AINRNTQQLTQDLRAMPNWSLRFVYIVDRNNQDLLKRPLPPGIMVLAPRLTAKHPYDKVQDRNRK
AVNATEREFTERIRTLPHWARRNVFVLDSQGFEIFDRELPSPVADLMRKLDLDRPFKKLERKNRT
MQNTPAERLPAIIEKAKSKHDINVWLLDRQGRDLLEQRVPAKVATVANQLRGRKRRAFARHREGP
ARRHGQEYFQQWLERQPKKVKEQVFAVDQFGRELLGRPLPEDMAPMLIALNYRNRESHAQVDKKP
TRRHGPESFRFWLERQPVEARDRIYAIDRSGAEILDRPIPRGMAPLFKVLSFRNREDQGLVNNKP


## Multiple Alignments

In general, most of the sequence alignment files contain single alignment data and it is enough to use **read** method to parse it. If the input sequence alignment format contains more than one sequence alignment, then we need to use **parse** method instead 

In [4]:
from Bio.AlignIO import parse
with open('PF18225.alignment.seed', 'r') as file:
    alignments = parse(file, 'stockholm')
    print(alignments)
    for alignment in alignments:
        print(alignment)

<generator object parse at 0x0000028C20E3AAC0>
Alignment with 5 rows and 65 columns
AINRNTQQLTQDLRAMPNWSLRFVYIVDRNNQDLLKRPLPPGIM...NRK B3PFT7_CELJU/62-126
AVNATEREFTERIRTLPHWARRNVFVLDSQGFEIFDRELPSPVA...NRT K4KEM7_SIMAS/61-125
MQNTPAERLPAIIEKAKSKHDINVWLLDRQGRDLLEQRVPAKVA...EGP B7RZ31_9GAMM/59-123
ARRHGQEYFQQWLERQPKKVKEQVFAVDQFGRELLGRPLPEDMA...KKP A0A143HL37_MICTH/57-121
TRRHGPESFRFWLERQPVEARDRIYAIDRSGAEILDRPIPRGMA...NKP A0A0X3UC67_9GAMM/57-121


## Pairwise Sequence Alignment

**Pairwise sequence alignment** compares only to sequences at a time and provides best possible sequence alignments. **Pairwise** is easy to understand and exceptional to infer from resulting sequence alignment.

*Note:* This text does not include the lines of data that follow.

definition coords_of_mats ::
  "nat \<Rightarrow> (nat \<Rightarrow> nat) \<Rightarrow> nat \<Rightarrow> (nat \<Rightarrow> real mat) \<Rightarrow> nat \<times> nat \<times> nat \<Rightarrow> real" where
  "coords_of_mats J n l D x = (if x \<in> coord_set J n l then D (fst x) $$ snd x else 0)"

lemma mat_of_coords_carrier[simp]: "mat_of_coords d j nr nc \<in> carrier_mat nr nc"
  unfolding mat_of_coords_def by simp

lemma mat_of_coords_add: "mat_of_coords (\<lambda>x. d x + e x) j nr nc
  = mat_of_coords d j nr nc + mat_of_coords e j nr nc"
  unfolding mat_of_coords_def by (rule eq_matI) auto

lemma mat_of_coords_scale: "mat_of_coords (\<lambda>x. c * d x) j nr nc = c \<cdot>\<^sub>m mat_of_coords d j nr nc"
  unfolding mat_of_coords_def by (rule eq_matI) auto

lemma mat_of_coords_zero: "mat_of_coords (\<lambda>_. 0) j nr nc = 0\<^sub>m nr nc"
  unfolding mat_of_coords_def by (rule eq_matI) auto

lemma mat_of_coords_of_mats:
  assumes "j \<in> {1..J}" "D j \<in> carrier_mat (n j) l"
  shows "mat_of_coords (coords_of_mats J n l D) j (n j) l = D j"
  unfolding mat_of_coords_def coords_of_mats_def coord_set_def by (rule eq_matI) (use assms in auto)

BioPython provides a special module `Bio.pairwise2` to identify alignment sequence using pairwise method. BioPython applies the best algorithm to find the alignment sequence and it is on par with other software.

In [5]:
from Bio import pairwise2
from Bio.Seq import Seq
seq1 = Seq("ACCGGT")
seq2 = Seq("ACGT")



In [6]:
alignments = pairwise2.align.globalxx(seq1, seq2)
alignments

[Alignment(seqA='ACCGGT', seqB='A-C-GT', score=4.0, start=0, end=6),
 Alignment(seqA='ACCGGT', seqB='AC--GT', score=4.0, start=0, end=6),
 Alignment(seqA='ACCGGT', seqB='A-CG-T', score=4.0, start=0, end=6),
 Alignment(seqA='ACCGGT', seqB='AC-G-T', score=4.0, start=0, end=6)]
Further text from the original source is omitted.